Now suppose it became clear that U.S. bonds weren’t safe, that America couldn’t be counted on to honor its debts after all. Suddenly, the whole system would be disrupted. Maybe, if we were lucky, financial institutions would quickly cobble together alternative arrangements. But it looks quite possible that default would create a huge financial crisis, dwarfing the crisis set off by the failure of Lehman Brothers five years ago.

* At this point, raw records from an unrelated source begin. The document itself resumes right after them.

(* $\mathfrak{mc}((\mathsf{Borel}(2^\omega)/\mathsf{null})^-)=\mathfrak{mc}((\mathsf{Borel}(2^\omega)/\mathsf{meager})^-)=\mathfrak{c}$.
   Context: $\mathsf{null}$ and $\mathsf{meager}$ are the ideals of Lebesgue null and of meager subsets of $2^\omega$; $\mathsf{Borel}(2^\omega)/\mathcal{J}$ is the Boolean algebra of Borel subsets of $2^\omega$ modulo the ideal $\mathcal{J}$. For a Boolean algebra $B$, $B^-=B\setminus\{0,1\}$ ordered by the Boolean order. For a poset $P$, a chain is a set of pairwise comparable elements and $\mathfrak{mc}(P)$ is the minimal cardinality of a maximal (under inclusion) chain. $\mathfrak{c}=2^{\aleph_0}$. *)

theory Defs
  imports "HOL-Probability.Probability"
begin


text \<open>Cantor space 2^omega is modelled as the type nat => bool, with the product
  topology of discrete two-point spaces.\<close>

definition cantor_top :: "(nat \<Rightarrow> bool) topology" where
  "cantor_top = product_topology (\<lambda>_. discrete_topology (UNIV :: bool set)) UNIV"

definition borel_cantor :: "(nat \<Rightarrow> bool) set set" where
  "borel_cantor = sigma_sets UNIV {U. openin cantor_top U}"

text \<open>Lebesgue (coin-flipping) measure on 2^omega.\<close>
definition cantor_measure :: "(nat \<Rightarrow> bool) measure" where
  "cantor_measure = (\<Pi>\<^sub>M i\<in>(UNIV :: nat set). measure_pmf (bernoulli_pmf (1/2)))"

definition null_ideal :: "(nat \<Rightarrow> bool) set set" where
  "null_ideal = {A. \<exists>B \<in> null_sets cantor_measure. A \<subseteq> B}"

definition nowhere_dense :: "(nat \<Rightarrow> bool) set \<Rightarrow> bool" where
  "nowhere_dense A \<longleftrightarrow> cantor_top interior_of (cantor_top closure_of A) = {}"

definition meager_ideal :: "(nat \<Rightarrow> bool) set set" where
  "meager_ideal = {A. \<exists>F. countable F \<and> (\<forall>N\<in>F. nowhere_dense N) \<and> A \<subseteq> \<Union>F}"

definition quot_class :: "(nat \<Rightarrow> bool) set set \<Rightarrow> (nat \<Rightarrow> bool) set \<Rightarrow> (nat \<Rightarrow> bool) set set" where
  "quot_class J A = {B \<in> borel_cantor. (A - B) \<union> (B - A) \<in> J}"

definition quot_alg :: "(nat \<Rightarrow> bool) set set \<Rightarrow> (nat \<Rightarrow> bool) set set set" where
  "quot_alg J = quot_class J ` borel_cantor"

definition quot_le :: "(nat \<Rightarrow> bool) set set \<Rightarrow> (nat \<Rightarrow> bool) set set \<Rightarrow> (nat \<Rightarrow> bool) set set \<Rightarrow> bool" where
  "quot_le J C D \<longleftrightarrow> (\<exists>A\<in>C. \<exists>B\<in>D. A - B \<in> J)"

text \<open>B^- = B minus {0,1}.\<close>
definition quot_minus :: "(nat \<Rightarrow> bool) set set \<Rightarrow> (nat \<Rightarrow> bool) set set set" where
  "quot_minus J = quot_alg J - {quot_class J {}, quot_class J UNIV}"

definition is_chain :: "'a set \<Rightarrow> ('a \<Rightarrow> 'a \<Rightarrow> bool) \<Rightarrow> 'a set \<Rightarrow> bool" where
  "is_chain P le C \<longleftrightarrow> C \<subseteq> P \<and> (\<forall>x\<in>C. \<forall>y\<in>C. le x y \<or> le y x)"

definition is_maximal_chain :: "'a set \<Rightarrow> ('a \<Rightarrow> 'a \<Rightarrow> bool) \<Rightarrow> 'a set \<Rightarrow> bool" where
  "is_maximal_chain P le C \<longleftrightarrow> is_chain P le C \<and> (\<forall>D. is_chain P le D \<and> C \<subseteq> D \<longrightarrow> D = C)"

text \<open>mc(P) = |K|: the minimum of the cardinalities of maximal chains equals |K|.\<close>
definition mc_equals :: "'a set \<Rightarrow> ('a \<Rightarrow> 'a \<Rightarrow> bool) \<Rightarrow> 'b set \<Rightarrow> bool" where
  "mc_equals P le K \<longleftrightarrow>
     (\<exists>C. is_maximal_chain P le C \<and> (card_of C, card_of K) \<in> ordIso) \<and>
     (\<forall>C. is_maximal_chain P le C \<longrightarrow> (card_of K, card_of C) \<in> ordLeq)"

end

theory Submission
  imports Defs
begin

unbundle cardinal_syntax

(* Let J be the null or the meager ideal and C a maximal chain of (Borel/J)^-.
   Since Borel/J is atomless, maximality forces C to be dense, and since Borel/J is complete,
   maximality forces C to contain the supremum of every subset of C that is bounded in C.
   Splitting intervals of C along the binary tree, with a gap between the two halves, and taking
   the supremum along each branch therefore embeds 2^omega into C, so |C| >= c.
   Conversely, two comparable Borel sets of the same measure are equivalent modulo null, and every
   Borel set is equivalent modulo meager to an open set (Baire property); measures and open sets are
   coded by elements of 2^omega, so |C| <= c. *)

section \<open>Cantor space\<close>

lemma sigma_algebra_borel_cantor: "sigma_algebra UNIV borel_cantor"
  unfolding borel_cantor_def by (rule sigma_algebra_sigma_sets) auto
(* Assume the standing setup below. Let $\theta\in\mathbb{R}^{|\mathcal{V}|}$ with $\theta_i\ge0$ for all $i$, let $\mathbf{x}\in\mathcal{S}_\rho$, and let $(i,j)\in\mathcal{A}$ satisfy $u_i(\theta_i)\ge u_j(0)$. If $\mathbf{x}_i\in[0,\theta_i]$, then $\delta_{ij}(\mathbf{x})=0$ both for SSD and for NBRD. If moreover $\mathbf{z}^*_i(\mathbf{x})\in[0,\theta_i]$, where $\mathbf{z}^*(\mathbf{x})$ is the (unique) $\mathbf{z}$-part of any optimizer of $\mathbf{P}_3$, then $\mathbf{d}^*_{ij}=0$ for every optimizer $(\mathbf{z}^*,\mathbf{d}^* )$ of $\mathbf{P}_3$ (i.e. $\delta_{ij}(\mathbf{x})=0$ for NRPM as well).
   Context: Standing setup: $\mathcal{G}=(\mathcal{V},\mathcal{E})$ is a finite, connected, undirected graph; $\mathcal{N}^i$ is the neighbour set of $i$ and $\overline{\mathcal{N}}^i=\mathcal{N}^i\cup\{i\}$; $\mathcal{A}=\bigcup_{\{i,j\}\in\mathcal{E}}\{(i,j),(j,i)\}$ is the associated arc set. For $\rho\ge0$, $\mathcal{S}_\rho=\{\mathbf{x}\ge0:\sum_i\mathbf{x}_i=\rho\}$. For each node $i$, $p_i:[0,\infty)\to\mathbb{R}$ is twice continuously differentiable and strictly concave, and $u_i:=p_i'$ (right derivative at $0$), strictly decreasing. $U(\mathbf{x})=\sum_i[p_i(\mathbf{x}_i)-p_i(0)]$. All three dynamics have the form $\dot{\mathbf{x}}_i=\sum_{j\in\mathcal{N}^i}(\delta_{ji}(\mathbf{x})-\delta_{ij}(\mathbf{x}))$ with flows $\delta_{ij}\ge0$ on arcs $(i,j)\in\mathcal{A}$. SSD (stratified Smith dynamics): $\delta_{ij}=\max\{u_j(\mathbf{x}_j)(\mathbf{x}_i-y_{ij})-(p_i(\mathbf{x}_i)-p_i(y_{ij})),0\}$, where $y_{ij}=0$ if $u_j(\mathbf{x}_j)\ge u_i(0)$, $y_{ij}=\mathbf{x}_i$ if $u_j(\mathbf{x}_j)\le u_i(\mathbf{x}_i)$, and otherwise $y_{ij}$ is the unique $y\in(0,\mathbf{x}_i)$ with $u_i(y)=u_j(\mathbf{x}_j)$. NBRD (nodal best response dynamics): $\delta_{ij}=\mathbf{d}^*_{ij}$, where $\{\mathbf{d}^*_{ij}\}_{j\in\overline{\mathcal{N}}^i}$ is the optimizer of $\mathbf{P}_2^i$: maximize $\sum_{j\in\mathcal{N}^i}[p_j(\mathbf{x}_j+\mathbf{d}_{ij})-p_j(\mathbf{x}_j)]+[p_i(\mathbf{d}_{ii})-p_i(0)]$ subject to $\mathbf{d}_{ii}+\sum_{j\in\mathcal{N}^i}\mathbf{d}_{ij}=\mathbf{x}_i$, $\mathbf{d}_{ij}\ge0$ for $j\in\overline{\mathcal{N}}^i$. NRPM (network restricted payoff maximization): $\mathbf{P}_3$ is: maximize $U(\mathbf{z})$ over $(\mathbf{z},\mathbf{d})$ subject to $\mathbf{z}_i=\mathbf{x}_i+\sum_{j\in\overline{\mathcal{N}}^i}(\mathbf{d}_{ji}-\mathbf{d}_{ij})$ for all $i$, $\sum_{j\in\overline{\mathcal{N}}^i}\mathbf{d}_{ij}=\mathbf{x}_i$ for all $i$, and $\mathbf{d}_{ij}\ge0$ for all $(i,j)\in\mathcal{A}\cup\{(i,i):i\in\mathcal{V}\}$. The $\mathbf{z}$-component $\mathbf{z}^*(\mathbf{x})$ of optimizers is unique, the NRPM dynamics is $\dot{\mathbf{x}}=\mathbf{z}^*(\mathbf{x})-\mathbf{x}$, and its arc flows are $\delta_{ij}=\mathbf{d}^*_{ij}$ for an optimizer $(\mathbf{z}^*,\mathbf{d}^* )$. *)

theory Defs
  imports "HOL-Analysis.Analysis"
begin
lemma contour_integral_theta_exp_pairs:
  fixes P :: nat and c d :: real and \<tau> :: complex
  assumes "(c - d) * real P \<in> \<int>"
  defines "J \<equiv> \<lambda>n. if of_int n + c = d then of_nat P * exp (pi * \<i> * (of_real d)\<^sup>2 * \<tau>) else 0"
  shows "contour_integral (linepath 0 (of_nat P)) (\<lambda>z. theta_pair c \<tau> z k * exp (- 2 * pi * \<i> * of_real d * z))
       = J (int k) + J (- int k - 1)"
proof -
  have ci: "(\<lambda>z. theta_term c \<tau> z n * exp (- 2 * pi * \<i> * of_real d * z)) contour_integrable_on
      linepath 0 (of_nat P)" for n
    unfolding theta_term_def by (intro contour_integrable_continuous_linepath continuous_intros)
  show ?thesis
    unfolding theta_pair_def distrib_right contour_integral_add[OF ci ci]
      contour_integral_theta_term_exp[OF assms(1)] J_def ..
qed

text \<open>Only the term of index \<open>d - c\<close> survives integration against \<open>exp (-2 \<pi> i d z)\<close>.\<close>

lemma contour_integral_theta_exp_same_char:
  fixes P :: nat
  assumes "Im \<tau> > 0"
  shows "contour_integral (linepath 0 (of_nat P)) (\<lambda>z. theta c \<tau> z * exp (- 2 * pi * \<i> * of_real c * z))
       = of_nat P * exp (pi * \<i> * (of_real c)\<^sup>2 * \<tau>)"
proof -
  have "(\<lambda>M. \<Sum>k<M. contour_integral (linepath 0 (of_nat P)) (\<lambda>z. theta_pair c \<tau> z k * exp (- 2 * pi * \<i> * of_real c * z)))
      = (\<lambda>M. \<Sum>k<M. if k = 0 then of_nat P * exp (pi * \<i> * (of_real c)\<^sup>2 * \<tau>) else 0)"
  proof -
    have "contour_integral (linepath 0 (of_nat P)) (\<lambda>z. theta_pair c \<tau> z k * exp (- 2 * pi * \<i> * of_real c * z))
        = (if k = 0 then of_nat P * exp (pi * \<i> * (of_real c)\<^sup>2 * \<tau>) else 0)" for k
      using contour_integral_theta_exp_pairs[of c c P \<tau> k] by simp
    then show ?thesis by simp
  qed
  moreover have "(\<lambda>M. \<Sum>k<M. if k = 0 then of_nat P * exp (pi * \<i> * (of_real c)\<^sup>2 * \<tau>) else 0)
      \<longlonglongrightarrow> of_nat P * exp (pi * \<i> * (of_real c)\<^sup>2 * \<tau>)"
    by (rule tendsto_eventually, rule eventually_mono[OF eventually_ge_at_top[of "1::nat"]])
       (simp add: sum.delta)
  ultimately show ?thesis
    using contour_integral_theta_exp_tendsto[OF assms, of P c c] by (auto dest: LIMSEQ_unique)
qed

lemma contour_integral_theta_exp_other_char:
  fixes P :: nat
  assumes "Im \<tau> > 0" and "(c - d) * real P \<in> \<int>" and "d - c \<notin> \<int>"
  shows "contour_integral (linepath 0 (of_nat P)) (\<lambda>z. theta c \<tau> z * exp (- 2 * pi * \<i> * of_real d * z)) = 0"
proof -
  have no_index: "of_int n + c \<noteq> d" for n
    using assms(3) by (metis Ints_of_int add_diff_cancel_right')
  have "contour_integral (linepath 0 (of_nat P)) (\<lambda>z. theta_pair c \<tau> z k * exp (- 2 * pi * \<i> * of_real d * z))
      = 0" for k
    using contour_integral_theta_exp_pairs[OF assms(2), of \<tau> k] no_index[of "int k"] no_index[of "- int k - 1"]
    by simp
  then have "(\<lambda>M. \<Sum>k<M. contour_integral (linepath 0 (of_nat P)) (\<lambda>z. theta_pair c \<tau> z k * exp (- 2 * pi * \<i> * of_real d * z)))
      = (\<lambda>M. 0)"
    by simp
  then show ?thesis
    using contour_integral_theta_exp_tendsto[OF assms(1), of P c d] by (auto dest: LIMSEQ_unique)
qed

lemma theta_not_identically_zero:
  assumes "Im \<tau> > 0"
  shows "\<exists>z. theta 0 \<tau> z \<noteq> 0"
proof (rule ccontr)
  assume "\<not> (\<exists>z. theta 0 \<tau> z \<noteq> 0)"
  then show False using contour_integral_theta_exp_same_char[OF assms, of 1 0] by simp
qed

lemma theta_quarter_diff_not_identically_zero:
  assumes tau: "Im \<tau> > 0"
  shows "\<exists>z. theta (3/4) \<tau> z - theta (1/4) \<tau> z \<noteq> 0"
proof (rule ccontr)
  assume "\<not> (\<exists>z. theta (3/4) \<tau> z - theta (1/4) \<tau> z \<noteq> 0)"
  then have "theta (3/4) \<tau> = theta (1/4) \<tau>" by auto
  moreover have "1/4 - 3/4 \<notin> (\<int> :: real set)"
    using half_notin_Ints Ints_minus[of "1/2 :: real"] by force
  ultimately show False
    using contour_integral_theta_exp_same_char[OF tau, of 4 "1/4"]
      contour_integral_theta_exp_other_char[OF tau, of "3/4" "1/4" 4] by simp
qed

section \<open>Orders of vanishing of products\<close>

lemma vmult_translate: "vmult (\<lambda>v. F (v + x)) p = vmult F (p + x)"
  unfolding vmult_def by (simp add: add_ac)

lemma vmult_zero_fun: "vmult (\<lambda>v. 0) p = \<infinity>"
proof -
  have "\<exists>C>0. \<forall>\<^sub>F h in nhds 0. norm (0::complex) \<le> C * norm (h::complex \<times> complex) ^ k" for k
    by (rule exI[of _ "1::real"]) simp
  then have "{enat k |k. \<exists>C>0. \<forall>\<^sub>F h in nhds 0. norm (0::complex) \<le> C * norm (h::complex \<times> complex) ^ k}
      = range enat"
    by blast
  moreover have "infinite (range enat)" by (rule range_inj_infinite) (simp add: inj_on_def)
  ultimately show ?thesis unfolding vmult_def by (simp add: Sup_enat_def)
qed

lemma vmult_eqI:
  assumes "\<exists>C>0. \<forall>\<^sub>F h in nhds 0. norm (F (p + h)) \<le> C * norm h ^ K"
    and "\<And>k C. C > 0 \<Longrightarrow> \<forall>\<^sub>F h in nhds 0. norm (F (p + h)) \<le> C * norm h ^ k \<Longrightarrow> k \<le> K"
  shows "vmult F p = enat K"
  unfolding vmult_def
proof (rule antisym)
  show "Sup {enat k |k. \<exists>C>0. \<forall>\<^sub>F h in nhds 0. norm (F (p + h)) \<le> C * norm h ^ k} \<le> enat K"
    using assms(2) by (auto intro!: Sup_least)
  show "enat K \<le> Sup {enat k |k. \<exists>C>0. \<forall>\<^sub>F h in nhds 0. norm (F (p + h)) \<le> C * norm h ^ k}"
    using assms(1) by (auto intro!: Sup_upper)
qed

lemma zorder_local_bounds:
  fixes f :: "complex \<Rightarrow> complex"
  assumes hol: "f holomorphic_on UNIV" and nz: "f a \<noteq> 0"
  obtains r m M where "r > 0" "m > 0"
    "\<And>w. norm w \<le> r \<Longrightarrow> m * norm w ^ nat (zorder f z) \<le> norm (f (z + w))"
    "\<And>w. norm w \<le> r \<Longrightarrow> norm (f (z + w)) \<le> M * norm w ^ nat (zorder f z)"
proof -
  obtain r where r: "r > 0" "zor_poly f z holomorphic_on cball z r"
    "\<forall>w\<in>cball z r. f w = zor_poly f z w * (w - z) ^ nat (zorder f z) \<and> zor_poly f z w \<noteq> 0"
    using zorder_exist_zero[OF hol open_UNIV connected_UNIV, of z] nz by blast
  define g where "g = zor_poly f z"
  have cont: "continuous_on (cball z r) (\<lambda>w. norm (g w))"
    using r(2) unfolding g_def by (intro continuous_intros holomorphic_on_imp_continuous_on)
  have ne: "cball z r \<noteq> {}" using r by auto
  obtain w1 where w1: "w1 \<in> cball z r" "\<forall>y\<in>cball z r. norm (g w1) \<le> norm (g y)"
    using continuous_attains_inf[OF compact_cball ne cont] by blast
  obtain w2 where w2: "w2 \<in> cball z r" "\<forall>y\<in>cball z r. norm (g y) \<le> norm (g w2)"
    using continuous_attains_sup[OF compact_cball ne cont] by blast
  have "z + w \<in> cball z r" if "norm w \<le> r" for w using that by (simp add: dist_norm)
  then have "norm (g w1) * norm w ^ nat (zorder f z) \<le> norm (f (z + w))"
    "norm (f (z + w)) \<le> norm (g w2) * norm w ^ nat (zorder f z)" if "norm w \<le> r" for w
    using that r(3) w1(2) w2(2) by (auto simp: g_def norm_mult norm_power intro!: mult_right_mono)
  moreover have "norm (g w1) > 0" using r(3) w1(1) by (simp add: g_def)
  ultimately show ?thesis using that r(1) by blast
qed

No sane political system would run this kind of risk. But we don’t have a sane political system; we have a system in which a substantial number of Republicans believe that they can force President Obama to cancel health reform by threatening a government shutdown, a debt default, or both, and in which Republican leaders who know better are afraid to level with the party’s delusional wing. For they are delusional, about both the economics and the politics.

And this is why all the major world stock indices are tumbling today. The world has begun doubting its faith in the ability of our federal government to run itself. And it's all thanks to continued G-O-TEA intransigence.

For decades, America has been the top global economic leader. For decades, we've been the platinum standard in economic stability. But now, a few Republican hotheads on Capitol Hill are threatening to shut down the government and default on US debt. This would mean our government fails to live up to its promise to pay its bills and provide for the people. It's nonsense... And it's not what the world expects of the world's economic leader.

I've said it before, and I'll say it again now. This is fucking madness. This only hurts people. It helps no one. And it risks the world losing its faith in American leadership once and for all.

Are those gawd-damned G-O-TEA fuckers happy now?